数据采用SPSS 18.0进行分析。删除反应时超过2000 ms的数据, 并剔除超过平均数3个标准差之外的极端数据。删除反应错误的数据占总数据的3.72%。删除的数据占总数据的4.80%。对高创组和低创组被试在Stroop颜色命名任务上字色一致条件和字色不一致条件下的正确反应时和正确率进行分析。

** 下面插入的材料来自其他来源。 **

lemma pact_image_coset: "bij \<sigma> \<Longrightarrow> pact \<sigma> ` coset I g = coset (pact \<sigma> ` I) (pact \<sigma> g)"
  by (simp add: coset_def setcompr_eq_image image_image pact_add)

lemma coset_subset:
  assumes add: "\<And>a b. a \<in> I \<Longrightarrow> b \<in> I \<Longrightarrow> a + b \<in> I" and fg: "f - g \<in> I"
  shows "coset I f \<subseteq> coset I g"
proof
  fix x assume "x \<in> coset I f"
  then obtain a where "a \<in> I" "x = f + a" by (auto simp: coset_def)
  then have "x = g + ((f - g) + a)" "(f - g) + a \<in> I" using add fg by auto
  then show "x \<in> coset I g" unfolding coset_def by blast
qed

lemma coset_eq_iff:
  assumes zero: "0 \<in> I" and diff: "\<And>a b. a \<in> I \<Longrightarrow> b \<in> I \<Longrightarrow> a - b \<in> I"
  shows "coset I f = coset I g \<longleftrightarrow> f - g \<in> I"
proof
  assume "coset I f = coset I g"
  moreover have "f \<in> coset I f" using zero by (force simp: coset_def)
  ultimately show "f - g \<in> I" by (auto simp: coset_def)
next
  assume fg: "f - g \<in> I"
  have add: "a + b \<in> I" if "a \<in> I" "b \<in> I" for a b
    using diff[OF that(1) diff[OF zero that(2)]] by simp
  have "g - f \<in> I" using diff[OF zero fg] by simp
  then show "coset I f = coset I g"
    using coset_subset[OF add fg] coset_subset[OF add] by blast
qed

lemma induced_map_coset:
  assumes "I \<subseteq> J" "0 \<in> I" and add: "\<And>a b. a \<in> J \<Longrightarrow> b \<in> J \<Longrightarrow> a + b \<in> J"
  shows "induced_map J (coset I g) = coset J g"
proof
  show "induced_map J (coset I g) \<subseteq> coset J g"
    using assms by (force simp: induced_map_def coset_def add.assoc)
  show "coset J g \<subseteq> induced_map J (coset I g)"
    using \<open>0 \<in> I\<close> by (force simp: induced_map_def coset_def)
qed

lemma regrep_invariant_constant:
  assumes g: "g \<in> regrep n" and inv: "\<And>\<sigma>. \<sigma> permutes {1..n} \<Longrightarrow> regact \<sigma> g = g"
  shows "g \<tau> = (if \<tau> permutes {1..n} then g id else 0)"
proof (cases "\<tau> permutes {1..n}")
  case True
  then have "g \<tau> = g (inv \<tau> \<circ> \<tau>)"
    using fun_cong[OF inv[OF True], of \<tau>] by (simp add: regact_def)
  then show ?thesis using True by (simp add: permutes_inv_o)
qed (use g in \<open>simp add: regrep_def\<close>)

section \<open>Clusters\<close>

locale Sn_cluster =
  fixes n :: nat and J :: "cpoly set" and \<phi> :: "cpoly \<Rightarrow> (nat \<Rightarrow> nat) \<Rightarrow> complex"
  assumes ideal: "is_ideal_in (polyring n) J"
    and pact_closed: "\<And>\<sigma> f. \<sigma> permutes {1..n} \<Longrightarrow> f \<in> J \<Longrightarrow> pact \<sigma> f \<in> J"
    and \<phi>_add: "\<And>f g. f \<in> polyring n \<Longrightarrow> g \<in> polyring n \<Longrightarrow> \<phi> (f + g) = (\<lambda>\<tau>. \<phi> f \<tau> + \<phi> g \<tau>)"
    and \<phi>_cscale: "\<And>c f. f \<in> polyring n \<Longrightarrow> \<phi> (cscale c f) = (\<lambda>\<tau>. c * \<phi> f \<tau>)"
    and \<phi>_image: "\<phi> ` polyring n = regrep n"
    and \<phi>_kernel: "\<And>f. f \<in> polyring n \<Longrightarrow> \<phi> f = (\<lambda>\<tau>. 0) \<longleftrightarrow> f \<in> J"
    and \<phi>_equivariant: "\<And>\<sigma> f. \<sigma> permutes {1..n} \<Longrightarrow> f \<in> polyring n \<Longrightarrow> \<phi> (pact \<sigma> f) = regact \<sigma> (\<phi> f)"

lemma Sn_cluster_ideal_imp_Sn_cluster:
  "Sn_cluster_ideal n J \<Longrightarrow> \<exists>\<phi>. Sn_cluster n J \<phi>"
  unfolding Sn_cluster_ideal_def by (elim conjE exE, rule exI, rule Sn_cluster.intro) auto

context Sn_cluster
begin

lemma J_zero: "0 \<in> J"
  using ideal by (simp add: is_ideal_in_def)

lemma J_add: "a \<in> J \<Longrightarrow> b \<in> J \<Longrightarrow> a + b \<in> J"
  using ideal by (simp add: is_ideal_in_def)

lemma J_mult: "r \<in> polyring n \<Longrightarrow> a \<in> J \<Longrightarrow> r * a \<in> J"
  using ideal by (simp add: is_ideal_in_def)

lemma J_uminus: "a \<in> J \<Longrightarrow> - a \<in> J"
  using J_mult[OF polyring_cst[of "-1"]] by (simp add: single_uminus)

lemma J_diff: "a \<in> J \<Longrightarrow> b \<in> J \<Longrightarrow> a - b \<in> J"
  using J_add[OF _ J_uminus] by (metis diff_conv_add_uminus)

lemma J_sum: "(\<And>x. x \<in> A \<Longrightarrow> F x \<in> J) \<Longrightarrow> sum F A \<in> J"
  by (induction A rule: infinite_finite_induct) (auto simp: J_zero J_add)

lemma pact_image_J:
  assumes "\<sigma> permutes {1..n}"
  shows "pact \<sigma> ` J = J"
proof
  show "pact \<sigma> ` J \<subseteq> J" using pact_closed[OF assms] by blast
  show "J \<subseteq> pact \<sigma> ` J"
    using pact_closed[OF permutes_inv[OF assms]] pact_inv_cancel[OF permutes_bij[OF assms]]
    by (metis image_eqI subsetI)
qed

lemma phi_invariant_constant:
  assumes f: "f \<in> polyring n" and inv: "\<And>\<sigma>. \<sigma> permutes {1..n} \<Longrightarrow> pact \<sigma> f = f"
  shows "\<phi> f \<tau> = (if \<tau> permutes {1..n} then \<phi> f id else 0)"
proof (rule regrep_invariant_constant)
  show "\<phi> f \<in> regrep n" using f \<phi>_image by blast
  show "regact \<sigma> (\<phi> f) = \<phi> f" if "\<sigma> permutes {1..n}" for \<sigma>
    using \<phi>_equivariant[OF that f] inv[OF that] by simp
qed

对反应时进行了2(创造性组别：高创组、低创组)×2(刺激类型：字色一致、字色不一致)的重复测量方差分析, 结果发现(见图2)：创造性组别的主效应显著, F(1, 58) = 8.46, p < 0.01, η_p²= 0.13, 高创者的反应时显著短于低创者; 刺激类型的主效应显著, F(1, 58) = 24.92, p < 0.001, η_p²= 0.30, 字色一致条件下的反应时显著小于字色不一致条件下的反应时; 创造性组别和刺激类型的交互作用显著, F(1, 58) = 9.26, p < 0.05, η_p²= 0.14。进一步分析发现, 高创者在字色一致条件上的反应时显著短于低创者, p < 0.05, 且高创者在字色不一致条件下的反应时也显著小于低创者, p < 0.01。将被试在字色不一致条件下的反应时减去字色一致条件下的反应时得出反应时的干扰效应量, 然后对高创组和低创组的反应时干扰效应量进行独立样本t检验, 结果发现, 两组的反应时干扰效应量存在显著差异, t(58) = -3.04, p < 0.01, 高创者的干扰效应量(M = 7 ms, SD = 25 ms)显著小于低创者(M = 27 ms, SD = 27 ms)。

图2

图2 高创组和低创组在不同字色条件下的反应时

对正确率数据(见表1)的分析发现：刺激类型的主效应显著, F(1, 58) = 11.33, p < 0.01, η_p²= 0.16, 字色一致条件下的反应正确率显著高于字色不一致条件; 创造性组别和刺激类型的交互作用显著, F(1, 58) = 4.74, p < 0.05, η_p²= 0.08, 进一步分析发现, 高创者在字色一致和不一致条件下的正确率差异不显著, p > 0.05, 而低创者在字色不一致条件下的正确率显著低于字色一致条件, p < 0.01。将被试在字色一致条件下的正确率减去字色不一致条件下的正确率得出正确率的干扰效应量, 然后对高创组和低创组的正确率干扰效应量进行独立样本t检验, 结果发现, 两组的正确率干扰效应量存在显著差异, t(58) = -2.18, p < 0.05, 高创者的干扰效应量(M = 0.63%, SD = 3.88%)显著小于低创者(M = 2.92%, SD = 4.26%)。创造性组别的主效应不显著, F(1, 58) < 1。

表1 高创组和低创组在各实验条件下的正确率(%) [M (SD)]

创造性组别	字色一致	字色不一致
高创组	97.60(3.55)	96.98 (2.39)
低创组	98.64(2.55)	95.73(4.14)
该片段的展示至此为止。